When Compute schedules maintenance for your virtual machine (VM), it assigns a *reason code* that describes why the maintenance was triggered. After you identify the reason, [stop and start your VM](/compute/virtual-machines/stop-start#how-to-stop-and-start-compute-virtual-machines) to prepare it for maintenance. The reason code helps you assess the severity of the error and decide whether additional action is needed.

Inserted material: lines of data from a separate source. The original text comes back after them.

(* Let $M$ be an ordinal monoid with merge and $A\subseteq M$. Then at least one of the following holds: (1) $a\cdot\mathrm{Cl}^{\mathrm{ord}+}_{\sharp}(A)\subsetneq\mathrm{Cl}^{\mathrm{ord}+}_{\sharp}(A)$ for some $a\in A$; (2) $\mathrm{Cl}^{\mathrm{ord}+}_{\sharp}(\mathrm{Cl}^{\omega}_{\sharp}(A))\subsetneq\mathrm{Cl}^{\mathrm{ord}+}_{\sharp}(A)$; (3) $x\cdot y=y$ and $x^\omega=y^\omega$ for all $x,y\in\mathrm{Cl}^{\mathrm{ord}+}_{\sharp}(A)$.
   Context: An ordinal monoid has generalised product $\pi$ on countable-ordinal-length words; $1=\pi(\varepsilon)$, $x\cdot y=\pi(xy)$, $x^\omega=\pi(xxx\cdots)$; ordered by $\le$ if $u\le v$ letterwise implies $\pi(u)\le\pi(v)$. $x^!$ idempotent power, $x^{!+k}$ eventual value of $x^{n!+k}$ in a finite semigroup. Ordinal monoid with merge: $(M,1,\le,\cdot,-^\omega,-^\sharp)$, $M$ finite, $(M,1,\le,\cdot,-^\omega)$ the presentation of an ordered finite ordinal monoid, $-^\sharp$ monotone with $a^{!+k}\le a^\sharp$, $(a^!)^\sharp=a^!$, $a^\sharp a^\sharp=(a^\sharp)^\sharp=a^\sharp$, $(ab)^\sharp=a(ba)^\sharp b$ for all $a,b\in M$, $k\in\mathbb Z$. Closures of $A\subseteq M$: $\mathrm{Cl}^{+}_{\sharp}(A)$ closure under $\cdot$ and $-^\sharp$; $\mathrm{Cl}^{\mathrm{ord}+}_{\sharp}(A)$ closure under $\cdot$, $-^\sharp$ and $-^\omega$; $\mathrm{Cl}^{\omega}_{\sharp}(A)=\{a\cdot b^\omega:a,b\in\mathrm{Cl}^{+}_{\sharp}(A)\}$. $a\cdot X=\{a\cdot x: x\in X\}$. *)

theory Defs
  imports Main
begin

text \<open>A word of countable ordinal length over 'a is represented as a pair (r, w)
where r is a well-order on a subset of nat (its Field, the positions; every countable
ordinal is representable this way) and w assigns letters to positions (only values on
Field r matter).\<close>

type_synonym 'a oword = "nat rel \<times> (nat \<Rightarrow> 'a)"

definition ordinal_product :: "('a oword \<Rightarrow> 'a) \<Rightarrow> bool" where
  "ordinal_product \<pi> \<longleftrightarrow>
     \<comment> \<open>invariance under order isomorphism of positions\<close>
     (\<forall>r r' f w w'. Well_order r \<and> Well_order r' \<and> bij_betw f (Field r) (Field r') \<and>
        (\<forall>i\<in>Field r. \<forall>j\<in>Field r. (i, j) \<in> r \<longleftrightarrow> (f i, f j) \<in> r') \<and>
        (\<forall>i\<in>Field r. w' (f i) = w i)
        \<longrightarrow> \<pi> (r, w) = \<pi> (r', w')) \<and>
     \<comment> \<open>one-letter words\<close>
     (\<forall>n w. \<pi> ({(n, n)}, w) = w n) \<and>
     \<comment> \<open>generalised associativity: cutting a word into (possibly empty) consecutive
        factors indexed by a countable ordinal R\<close>
     (\<forall>r R g w. Well_order r \<and> Well_order R \<and> (\<forall>i\<in>Field r. g i \<in> Field R) \<and>
        (\<forall>i\<in>Field r. \<forall>j\<in>Field r. (i, j) \<in> r \<longrightarrow> (g i, g j) \<in> R)
        \<longrightarrow> \<pi> (r, w) = \<pi> (R, \<lambda>k. \<pi> (Restr r {i \<in> Field r. g i = k}, w)))"

definition ordered_ordinal_product :: "('a::order oword \<Rightarrow> 'a) \<Rightarrow> bool" where
  "ordered_ordinal_product \<pi> \<longleftrightarrow> ordinal_product \<pi> \<and>
     (\<forall>r w w'. Well_order r \<and> (\<forall>i\<in>Field r. w i \<le> w' i) \<longrightarrow> \<pi> (r, w) \<le> \<pi> (r, w'))"

definition presents ::
  "('a oword \<Rightarrow> 'a) \<Rightarrow> 'a \<Rightarrow> ('a \<Rightarrow> 'a \<Rightarrow> 'a) \<Rightarrow> ('a \<Rightarrow> 'a) \<Rightarrow> bool" where
  "presents \<pi> one mult omega \<longleftrightarrow>
     one = \<pi> ({}, \<lambda>_. undefined) \<and>
     (\<forall>x y. mult x y = \<pi> ({(0, 0), (0, 1), (1, 1)}, \<lambda>i. if i = 0 then x else y)) \<and>
     (\<forall>x. omega x = \<pi> ({(i, j). i \<le> j}, \<lambda>_. x))"

fun mpow :: "'a \<Rightarrow> ('a \<Rightarrow> 'a \<Rightarrow> 'a) \<Rightarrow> 'a \<Rightarrow> nat \<Rightarrow> 'a" where
  "mpow one mult a 0 = one"
| "mpow one mult a (Suc n) = mult a (mpow one mult a n)"

definition idem_pow_plus :: "'a \<Rightarrow> ('a \<Rightarrow> 'a \<Rightarrow> 'a) \<Rightarrow> 'a \<Rightarrow> int \<Rightarrow> 'a" where
  "idem_pow_plus one mult a k =
     (THE y. \<exists>N. \<forall>n\<ge>N. mpow one mult a (nat (int (fact n) + k)) = y)"

definition idem_pow :: "'a \<Rightarrow> ('a \<Rightarrow> 'a \<Rightarrow> 'a) \<Rightarrow> 'a \<Rightarrow> 'a" where
  "idem_pow one mult a = idem_pow_plus one mult a 0"

definition ordinal_monoid_with_merge ::
  "'a::{finite,order} \<Rightarrow> ('a \<Rightarrow> 'a \<Rightarrow> 'a) \<Rightarrow> ('a \<Rightarrow> 'a) \<Rightarrow> ('a \<Rightarrow> 'a) \<Rightarrow> bool" where
  "ordinal_monoid_with_merge one mult omega sharp \<longleftrightarrow>
     (\<exists>\<pi>. ordered_ordinal_product \<pi> \<and> presents \<pi> one mult omega) \<and>
     mono sharp \<and>
     (\<forall>a k. idem_pow_plus one mult a k \<le> sharp a) \<and>
     (\<forall>a. sharp (idem_pow one mult a) = idem_pow one mult a) \<and>
     (\<forall>a. mult (sharp a) (sharp a) = sharp a) \<and>
     (\<forall>a. sharp (sharp a) = sharp a) \<and>
     (\<forall>a b. sharp (mult a b) = mult a (mult (sharp (mult b a)) b))"

inductive_set cl_plus_sharp :: "('a \<Rightarrow> 'a \<Rightarrow> 'a) \<Rightarrow> ('a \<Rightarrow> 'a) \<Rightarrow> 'a set \<Rightarrow> 'a set"
  for mult sharp A where
  base: "a \<in> A \<Longrightarrow> a \<in> cl_plus_sharp mult sharp A"
| mult: "a \<in> cl_plus_sharp mult sharp A \<Longrightarrow> b \<in> cl_plus_sharp mult sharp A \<Longrightarrow>
         mult a b \<in> cl_plus_sharp mult sharp A"
| sharp: "a \<in> cl_plus_sharp mult sharp A \<Longrightarrow> sharp a \<in> cl_plus_sharp mult sharp A"

inductive_set cl_ord_plus_sharp ::
  "('a \<Rightarrow> 'a \<Rightarrow> 'a) \<Rightarrow> ('a \<Rightarrow> 'a) \<Rightarrow> ('a \<Rightarrow> 'a) \<Rightarrow> 'a set \<Rightarrow> 'a set"
  for mult omega sharp A where
  base: "a \<in> A \<Longrightarrow> a \<in> cl_ord_plus_sharp mult omega sharp A"
| mult: "a \<in> cl_ord_plus_sharp mult omega sharp A \<Longrightarrow> b \<in> cl_ord_plus_sharp mult omega sharp A \<Longrightarrow>
         mult a b \<in> cl_ord_plus_sharp mult omega sharp A"
| sharp: "a \<in> cl_ord_plus_sharp mult omega sharp A \<Longrightarrow> sharp a \<in> cl_ord_plus_sharp mult omega sharp A"
| omega: "a \<in> cl_ord_plus_sharp mult omega sharp A \<Longrightarrow> omega a \<in> cl_ord_plus_sharp mult omega sharp A"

## How to identify the reason code for a maintenance event

You can view the reason code for maintenance events by:

* Checking the maintenance notification banner in the [web console](https://console.nebius.com/);
* Using the [Nebius AI Cloud CLI](/cli/) to list all active maintenance events scheduled for resources in a project.

Run the following command, and specify your [project ID](/iam/manage-projects#how-to-get-a-project-id).

```bash theme={null}
nebius compute maintenance list-active --parent-id <project_ID>
```

The output contains a list of all maintenance events that are scheduled for resources in the project you specified.

## Reason codes

Maintenance events can be triggered by GPU, InfiniBand™ or node-level errors. The tables below show the reason codes that map to different types of errors.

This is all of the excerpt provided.